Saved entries
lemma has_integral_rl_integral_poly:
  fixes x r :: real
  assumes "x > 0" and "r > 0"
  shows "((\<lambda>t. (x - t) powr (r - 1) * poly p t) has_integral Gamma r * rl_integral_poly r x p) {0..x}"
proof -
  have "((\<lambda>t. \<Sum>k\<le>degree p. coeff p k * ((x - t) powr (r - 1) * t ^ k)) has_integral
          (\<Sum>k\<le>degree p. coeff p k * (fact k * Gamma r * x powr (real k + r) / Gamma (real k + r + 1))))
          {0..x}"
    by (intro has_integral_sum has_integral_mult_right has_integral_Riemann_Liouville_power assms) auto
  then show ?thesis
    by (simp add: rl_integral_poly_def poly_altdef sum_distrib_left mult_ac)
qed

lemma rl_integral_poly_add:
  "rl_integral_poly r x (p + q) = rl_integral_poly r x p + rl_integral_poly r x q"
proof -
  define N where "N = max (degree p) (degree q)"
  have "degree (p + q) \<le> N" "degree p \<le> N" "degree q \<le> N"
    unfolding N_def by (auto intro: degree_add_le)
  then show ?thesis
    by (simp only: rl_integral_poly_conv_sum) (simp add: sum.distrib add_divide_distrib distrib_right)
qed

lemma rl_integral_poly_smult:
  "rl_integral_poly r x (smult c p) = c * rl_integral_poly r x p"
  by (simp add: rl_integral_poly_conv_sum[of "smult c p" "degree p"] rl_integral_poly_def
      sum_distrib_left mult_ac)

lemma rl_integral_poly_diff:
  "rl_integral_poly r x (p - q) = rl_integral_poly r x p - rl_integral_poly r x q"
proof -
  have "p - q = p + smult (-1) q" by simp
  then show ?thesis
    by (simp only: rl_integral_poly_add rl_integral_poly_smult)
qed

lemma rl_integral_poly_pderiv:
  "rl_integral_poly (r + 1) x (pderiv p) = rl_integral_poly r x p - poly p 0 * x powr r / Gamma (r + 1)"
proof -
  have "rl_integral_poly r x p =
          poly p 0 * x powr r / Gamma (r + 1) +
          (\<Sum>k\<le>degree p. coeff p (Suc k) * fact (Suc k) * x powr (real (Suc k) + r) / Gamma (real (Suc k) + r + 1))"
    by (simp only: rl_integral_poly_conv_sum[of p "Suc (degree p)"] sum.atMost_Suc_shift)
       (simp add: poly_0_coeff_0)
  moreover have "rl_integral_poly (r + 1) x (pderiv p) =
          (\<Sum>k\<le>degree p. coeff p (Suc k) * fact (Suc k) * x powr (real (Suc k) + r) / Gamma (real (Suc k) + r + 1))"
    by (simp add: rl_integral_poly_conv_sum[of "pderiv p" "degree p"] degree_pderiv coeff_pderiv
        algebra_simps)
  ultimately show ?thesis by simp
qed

* * *

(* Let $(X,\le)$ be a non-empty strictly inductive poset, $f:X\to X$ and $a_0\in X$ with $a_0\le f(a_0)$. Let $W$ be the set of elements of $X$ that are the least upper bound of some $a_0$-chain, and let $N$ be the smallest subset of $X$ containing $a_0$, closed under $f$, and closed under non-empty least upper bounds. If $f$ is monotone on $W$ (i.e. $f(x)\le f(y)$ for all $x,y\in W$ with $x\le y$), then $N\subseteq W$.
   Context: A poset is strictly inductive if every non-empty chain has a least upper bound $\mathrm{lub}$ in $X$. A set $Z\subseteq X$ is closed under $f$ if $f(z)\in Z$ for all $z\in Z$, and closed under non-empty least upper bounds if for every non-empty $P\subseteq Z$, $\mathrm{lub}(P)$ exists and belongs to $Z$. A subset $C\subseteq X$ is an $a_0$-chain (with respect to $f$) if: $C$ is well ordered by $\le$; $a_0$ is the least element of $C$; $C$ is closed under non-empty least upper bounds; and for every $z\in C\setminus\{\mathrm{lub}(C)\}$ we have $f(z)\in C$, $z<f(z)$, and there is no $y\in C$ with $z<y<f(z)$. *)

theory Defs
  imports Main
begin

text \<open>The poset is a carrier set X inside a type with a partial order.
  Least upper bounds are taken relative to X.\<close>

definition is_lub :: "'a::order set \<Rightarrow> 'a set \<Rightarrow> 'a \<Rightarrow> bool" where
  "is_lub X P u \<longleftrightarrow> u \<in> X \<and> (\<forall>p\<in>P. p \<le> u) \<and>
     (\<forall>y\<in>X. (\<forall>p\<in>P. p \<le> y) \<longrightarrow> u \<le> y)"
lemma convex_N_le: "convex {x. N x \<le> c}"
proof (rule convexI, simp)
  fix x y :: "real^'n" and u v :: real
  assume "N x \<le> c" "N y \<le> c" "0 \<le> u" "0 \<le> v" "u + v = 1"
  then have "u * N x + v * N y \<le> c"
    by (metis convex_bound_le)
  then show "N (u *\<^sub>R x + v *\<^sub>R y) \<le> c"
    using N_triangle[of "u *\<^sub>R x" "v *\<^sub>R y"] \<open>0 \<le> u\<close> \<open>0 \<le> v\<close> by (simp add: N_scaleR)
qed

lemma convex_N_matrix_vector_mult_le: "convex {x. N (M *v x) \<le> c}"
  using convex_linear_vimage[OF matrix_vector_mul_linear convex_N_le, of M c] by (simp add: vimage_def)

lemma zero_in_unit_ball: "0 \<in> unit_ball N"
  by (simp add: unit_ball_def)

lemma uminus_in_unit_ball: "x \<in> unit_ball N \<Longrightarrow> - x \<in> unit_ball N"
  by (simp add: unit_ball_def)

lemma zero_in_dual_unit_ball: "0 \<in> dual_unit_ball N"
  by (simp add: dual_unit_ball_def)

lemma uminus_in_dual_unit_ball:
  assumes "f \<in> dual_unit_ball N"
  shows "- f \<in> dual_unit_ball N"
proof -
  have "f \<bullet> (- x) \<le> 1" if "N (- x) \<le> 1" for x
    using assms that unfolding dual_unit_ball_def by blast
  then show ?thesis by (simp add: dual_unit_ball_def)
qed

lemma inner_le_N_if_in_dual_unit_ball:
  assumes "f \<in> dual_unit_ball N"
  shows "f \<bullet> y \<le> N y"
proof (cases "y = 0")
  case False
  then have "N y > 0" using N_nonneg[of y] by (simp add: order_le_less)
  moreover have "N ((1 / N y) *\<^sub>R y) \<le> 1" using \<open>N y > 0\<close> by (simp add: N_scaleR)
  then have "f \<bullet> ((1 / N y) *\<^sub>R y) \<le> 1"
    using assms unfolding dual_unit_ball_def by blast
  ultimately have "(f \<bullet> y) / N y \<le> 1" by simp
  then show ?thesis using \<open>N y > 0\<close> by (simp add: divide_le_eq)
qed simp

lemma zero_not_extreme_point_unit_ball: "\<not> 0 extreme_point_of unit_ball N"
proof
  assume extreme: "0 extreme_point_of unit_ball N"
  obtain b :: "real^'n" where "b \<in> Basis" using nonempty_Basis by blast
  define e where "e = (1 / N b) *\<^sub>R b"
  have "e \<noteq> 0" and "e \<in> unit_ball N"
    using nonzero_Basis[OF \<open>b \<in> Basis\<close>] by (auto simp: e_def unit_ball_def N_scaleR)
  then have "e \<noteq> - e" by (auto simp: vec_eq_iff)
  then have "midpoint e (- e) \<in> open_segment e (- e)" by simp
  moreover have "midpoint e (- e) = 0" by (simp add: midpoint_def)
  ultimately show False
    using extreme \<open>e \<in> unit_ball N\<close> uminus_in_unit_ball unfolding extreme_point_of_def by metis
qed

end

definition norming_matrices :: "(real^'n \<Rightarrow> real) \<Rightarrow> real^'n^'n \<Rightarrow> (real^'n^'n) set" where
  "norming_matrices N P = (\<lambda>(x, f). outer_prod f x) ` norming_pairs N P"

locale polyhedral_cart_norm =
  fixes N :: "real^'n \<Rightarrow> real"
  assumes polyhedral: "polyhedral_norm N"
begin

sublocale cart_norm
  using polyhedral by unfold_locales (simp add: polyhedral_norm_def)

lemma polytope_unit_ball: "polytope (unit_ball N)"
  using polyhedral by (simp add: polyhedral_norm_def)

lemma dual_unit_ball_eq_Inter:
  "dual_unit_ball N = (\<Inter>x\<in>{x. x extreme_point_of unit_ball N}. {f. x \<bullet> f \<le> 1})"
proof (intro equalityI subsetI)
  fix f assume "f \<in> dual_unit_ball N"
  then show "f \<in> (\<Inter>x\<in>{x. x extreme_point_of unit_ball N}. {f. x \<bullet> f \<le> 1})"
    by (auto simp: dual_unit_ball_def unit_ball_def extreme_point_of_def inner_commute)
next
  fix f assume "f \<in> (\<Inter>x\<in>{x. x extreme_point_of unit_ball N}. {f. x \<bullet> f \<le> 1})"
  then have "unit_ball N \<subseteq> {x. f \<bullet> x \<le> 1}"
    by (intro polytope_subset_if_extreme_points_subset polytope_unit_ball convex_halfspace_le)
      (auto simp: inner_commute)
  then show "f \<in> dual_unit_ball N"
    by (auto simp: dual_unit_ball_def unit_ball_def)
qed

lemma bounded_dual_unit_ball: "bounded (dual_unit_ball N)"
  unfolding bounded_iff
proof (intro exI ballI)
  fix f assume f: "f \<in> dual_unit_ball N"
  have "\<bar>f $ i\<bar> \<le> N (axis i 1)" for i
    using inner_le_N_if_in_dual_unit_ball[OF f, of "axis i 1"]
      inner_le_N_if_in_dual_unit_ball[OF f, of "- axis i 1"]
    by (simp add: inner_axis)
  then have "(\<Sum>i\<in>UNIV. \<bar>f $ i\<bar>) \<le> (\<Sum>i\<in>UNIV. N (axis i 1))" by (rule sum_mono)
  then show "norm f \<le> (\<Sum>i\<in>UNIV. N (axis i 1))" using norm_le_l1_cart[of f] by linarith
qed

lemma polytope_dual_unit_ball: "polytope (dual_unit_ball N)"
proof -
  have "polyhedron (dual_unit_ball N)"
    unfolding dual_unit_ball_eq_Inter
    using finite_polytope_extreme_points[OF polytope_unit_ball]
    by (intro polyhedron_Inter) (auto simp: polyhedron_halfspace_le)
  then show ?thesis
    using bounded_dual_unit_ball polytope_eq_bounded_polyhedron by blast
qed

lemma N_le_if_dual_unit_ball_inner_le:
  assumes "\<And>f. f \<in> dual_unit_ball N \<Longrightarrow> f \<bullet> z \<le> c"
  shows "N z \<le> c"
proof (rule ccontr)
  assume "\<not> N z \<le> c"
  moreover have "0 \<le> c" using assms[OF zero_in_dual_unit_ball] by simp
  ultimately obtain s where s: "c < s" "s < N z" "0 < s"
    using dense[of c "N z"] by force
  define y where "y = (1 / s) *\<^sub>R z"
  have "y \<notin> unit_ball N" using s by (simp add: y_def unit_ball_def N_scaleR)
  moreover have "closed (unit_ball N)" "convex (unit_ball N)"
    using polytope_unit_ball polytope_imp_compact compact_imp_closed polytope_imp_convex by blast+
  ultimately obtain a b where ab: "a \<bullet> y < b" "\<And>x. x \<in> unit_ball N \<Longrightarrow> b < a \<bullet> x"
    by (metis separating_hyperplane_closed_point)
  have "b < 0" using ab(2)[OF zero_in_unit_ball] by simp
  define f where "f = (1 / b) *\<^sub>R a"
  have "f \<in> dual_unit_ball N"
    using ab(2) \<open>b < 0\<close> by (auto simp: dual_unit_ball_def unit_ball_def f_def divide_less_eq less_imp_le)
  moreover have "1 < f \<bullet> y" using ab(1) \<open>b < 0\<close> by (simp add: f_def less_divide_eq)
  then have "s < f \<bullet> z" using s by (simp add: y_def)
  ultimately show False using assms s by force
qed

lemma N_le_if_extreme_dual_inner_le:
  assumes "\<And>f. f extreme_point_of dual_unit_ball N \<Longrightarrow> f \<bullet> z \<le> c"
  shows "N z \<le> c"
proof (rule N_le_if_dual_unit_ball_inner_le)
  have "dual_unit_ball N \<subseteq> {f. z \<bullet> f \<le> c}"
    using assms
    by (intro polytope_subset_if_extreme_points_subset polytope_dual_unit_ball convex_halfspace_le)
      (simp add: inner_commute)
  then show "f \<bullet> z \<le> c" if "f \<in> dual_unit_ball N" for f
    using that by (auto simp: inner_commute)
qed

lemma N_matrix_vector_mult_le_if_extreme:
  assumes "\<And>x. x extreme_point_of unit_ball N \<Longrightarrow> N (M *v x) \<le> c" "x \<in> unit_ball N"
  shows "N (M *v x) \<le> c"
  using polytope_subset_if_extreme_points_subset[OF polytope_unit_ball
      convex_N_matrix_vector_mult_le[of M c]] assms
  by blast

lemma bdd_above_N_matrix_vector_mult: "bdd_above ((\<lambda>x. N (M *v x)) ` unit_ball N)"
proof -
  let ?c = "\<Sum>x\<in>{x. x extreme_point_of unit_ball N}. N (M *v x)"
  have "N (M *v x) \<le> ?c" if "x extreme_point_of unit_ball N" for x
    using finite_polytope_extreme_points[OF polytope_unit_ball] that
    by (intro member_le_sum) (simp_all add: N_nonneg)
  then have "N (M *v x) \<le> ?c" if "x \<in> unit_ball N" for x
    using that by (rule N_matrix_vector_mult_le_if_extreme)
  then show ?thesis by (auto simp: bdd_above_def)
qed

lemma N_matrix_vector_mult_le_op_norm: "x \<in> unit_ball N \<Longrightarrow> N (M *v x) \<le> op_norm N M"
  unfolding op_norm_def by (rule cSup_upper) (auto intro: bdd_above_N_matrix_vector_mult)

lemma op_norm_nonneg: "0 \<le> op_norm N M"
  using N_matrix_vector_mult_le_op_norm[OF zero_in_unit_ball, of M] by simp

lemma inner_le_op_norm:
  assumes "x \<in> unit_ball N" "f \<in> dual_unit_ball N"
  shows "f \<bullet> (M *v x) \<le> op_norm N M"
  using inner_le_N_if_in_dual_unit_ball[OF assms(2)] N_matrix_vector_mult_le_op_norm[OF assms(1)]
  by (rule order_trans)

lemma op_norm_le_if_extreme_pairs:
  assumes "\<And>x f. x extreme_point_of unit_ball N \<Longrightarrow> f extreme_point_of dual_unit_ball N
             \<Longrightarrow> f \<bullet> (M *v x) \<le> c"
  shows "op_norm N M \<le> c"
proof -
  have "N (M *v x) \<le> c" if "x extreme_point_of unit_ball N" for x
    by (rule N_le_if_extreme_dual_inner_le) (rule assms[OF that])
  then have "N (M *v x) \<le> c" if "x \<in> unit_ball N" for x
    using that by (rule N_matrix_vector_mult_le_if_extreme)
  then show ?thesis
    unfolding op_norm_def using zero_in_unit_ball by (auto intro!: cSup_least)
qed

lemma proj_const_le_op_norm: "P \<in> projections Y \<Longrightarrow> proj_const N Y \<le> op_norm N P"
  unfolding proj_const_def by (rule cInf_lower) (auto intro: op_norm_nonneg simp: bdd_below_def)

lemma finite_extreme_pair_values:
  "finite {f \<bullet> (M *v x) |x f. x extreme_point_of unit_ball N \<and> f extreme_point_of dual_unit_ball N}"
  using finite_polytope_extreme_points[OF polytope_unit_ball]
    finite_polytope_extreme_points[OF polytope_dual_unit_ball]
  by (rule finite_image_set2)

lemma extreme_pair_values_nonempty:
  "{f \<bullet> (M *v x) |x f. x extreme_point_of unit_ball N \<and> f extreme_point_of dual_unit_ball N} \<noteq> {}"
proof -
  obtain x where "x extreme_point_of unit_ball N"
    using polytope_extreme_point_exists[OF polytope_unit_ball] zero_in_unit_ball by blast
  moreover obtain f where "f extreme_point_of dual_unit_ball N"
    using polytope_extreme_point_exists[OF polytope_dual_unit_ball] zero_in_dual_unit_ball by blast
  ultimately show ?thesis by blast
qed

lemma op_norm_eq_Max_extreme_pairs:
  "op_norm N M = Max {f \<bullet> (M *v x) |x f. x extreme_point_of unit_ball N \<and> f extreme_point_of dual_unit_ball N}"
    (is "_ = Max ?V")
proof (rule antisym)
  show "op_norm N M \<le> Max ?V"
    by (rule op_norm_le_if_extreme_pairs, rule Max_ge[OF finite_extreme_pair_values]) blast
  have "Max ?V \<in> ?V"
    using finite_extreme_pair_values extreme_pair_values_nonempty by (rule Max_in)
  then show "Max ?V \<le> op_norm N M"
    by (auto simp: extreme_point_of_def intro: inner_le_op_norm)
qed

> **What you need to do**: Take exactly the lines from the one containing "(simp add: order_le_less)" through the one containing "using polyhedral by unfold_locales" in the data above, and output them with nothing added.

> **Completed task**:
  then have "N y > 0" using N_nonneg[of y] by (simp add: order_le_less)
  moreover have "N ((1 / N y) *\<^sub>R y) \<le> 1" using \<open>N y > 0\<close> by (simp add: N_scaleR)
  then have "f \<bullet> ((1 / N y) *\<^sub>R y) \<le> 1"
    using assms unfolding dual_unit_ball_def by blast
  ultimately have "(f \<bullet> y) / N y \<le> 1" by simp
  then show ?thesis using \<open>N y > 0\<close> by (simp add: divide_le_eq)
qed simp

lemma zero_not_extreme_point_unit_ball: "\<not> 0 extreme_point_of unit_ball N"
proof
  assume extreme: "0 extreme_point_of unit_ball N"
  obtain b :: "real^'n" where "b \<in> Basis" using nonempty_Basis by blast
  define e where "e = (1 / N b) *\<^sub>R b"
  have "e \<noteq> 0" and "e \<in> unit_ball N"
    using nonzero_Basis[OF \<open>b \<in> Basis\<close>] by (auto simp: e_def unit_ball_def N_scaleR)
  then have "e \<noteq> - e" by (auto simp: vec_eq_iff)
  then have "midpoint e (- e) \<in> open_segment e (- e)" by simp
  moreover have "midpoint e (- e) = 0" by (simp add: midpoint_def)
  ultimately show False
    using extreme \<open>e \<in> unit_ball N\<close> uminus_in_unit_ball unfolding extreme_point_of_def by metis
qed

end

definition norming_matrices :: "(real^'n \<Rightarrow> real) \<Rightarrow> real^'n^'n \<Rightarrow> (real^'n^'n) set" where
  "norming_matrices N P = (\<lambda>(x, f). outer_prod f x) ` norming_pairs N P"

locale polyhedral_cart_norm =
  fixes N :: "real^'n \<Rightarrow> real"
  assumes polyhedral: "polyhedral_norm N"
begin

sublocale cart_norm
  using polyhedral by unfold_locales (simp add: polyhedral_norm_def)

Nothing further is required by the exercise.